(Beginning of Input data)

lemma K_poly_in_subset_centralizer: "K_poly_in \<sigma> \<delta> P \<subseteq> centralizer \<sigma> \<delta> P"
  by (auto simp: K_poly_in_def centralizer_def ore_mult_sum_left ore_mult_sum_right
      ore_mult_smult_left ore_mult_const_right ore_pow_commute)

lemma centralizer_diff_const_pow:
  "Q \<in> centralizer \<sigma> \<delta> P \<Longrightarrow> Q - smult [:c:] (P ^\<star> k) \<in> centralizer \<sigma> \<delta> P"
  by (simp add: centralizer_def ore_mult_diff_left ore_mult_diff_right
      ore_mult_smult_left ore_mult_const_right ore_pow_commute ore_mult_assoc)

lemma centralizer_reduce_degree:
  assumes "degree (\<sigma> [:0, 1:]) > 1" "degree P \<ge> 1"
    and Q: "Q \<in> centralizer \<sigma> \<delta> P" "Q \<noteq> 0" "degree Q = k * degree P"
  obtains c where "Q - smult [:c:] (P ^\<star> k) = 0 \<or> degree (Q - smult [:c:] (P ^\<star> k)) < degree Q"
proof -
  have "P \<noteq> 0"
    using assms(2) by auto
  then have R: "P ^\<star> k \<noteq> 0" "degree (P ^\<star> k) = degree Q"
    using degree_ore_pow[of P k] Q(3) by auto
  have "P ^\<star> k \<in> centralizer \<sigma> \<delta> P"
    by (simp add: centralizer_def ore_pow_commute)
  then have "lead_coeff P * (\<sigma> ^^ degree P) (lead_coeff (P ^\<star> k))
      = lead_coeff (P ^\<star> k) * (\<sigma> ^^ degree Q) (lead_coeff P)"
    using R lead_coeff_commuting[of P "P ^\<star> k"] by (simp add: centralizer_def)
  moreover have "lead_coeff P * (\<sigma> ^^ degree P) (lead_coeff Q)
      = lead_coeff Q * (\<sigma> ^^ degree Q) (lead_coeff P)"
    using Q(1) lead_coeff_commuting[of P Q] by (simp add: centralizer_def)
  ultimately obtain c where c: "lead_coeff Q = smult c (lead_coeff (P ^\<star> k))"
    using twisted_solutions_proportional[OF assms(1,2), of "lead_coeff P" "lead_coeff Q"
        "lead_coeff (P ^\<star> k)" "degree Q"]
      \<open>P \<noteq> 0\<close> Q(2) R(1) by auto
  define Q' where "Q' = Q - smult [:c:] (P ^\<star> k)"
  have "degree Q' \<le> degree Q"
    using R by (simp add: Q'_def degree_diff_le degree_smult_le le_trans)
  moreover have "coeff Q' (degree Q) = 0"
    using c R by (simp add: Q'_def)
  ultimately have "Q' = 0 \<or> degree Q' < degree Q"
    by (metis leading_coeff_0_iff le_neq_implies_less)
  then show thesis
    using that unfolding Q'_def by blast
qed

(End of Input data)

## Work item
Collect every line above that contains the word "where".

## Answer to the problem
  obtains c where "Q - smult [:c:] (P ^\<star> k) = 0 \<or> degree (Q - smult [:c:] (P ^\<star> k)) < degree Q"
  ultimately obtain c where c: "lead_coeff Q = smult c (lead_coeff (P ^\<star> k))"
  define Q' where "Q' = Q - smult [:c:] (P ^\<star> k)"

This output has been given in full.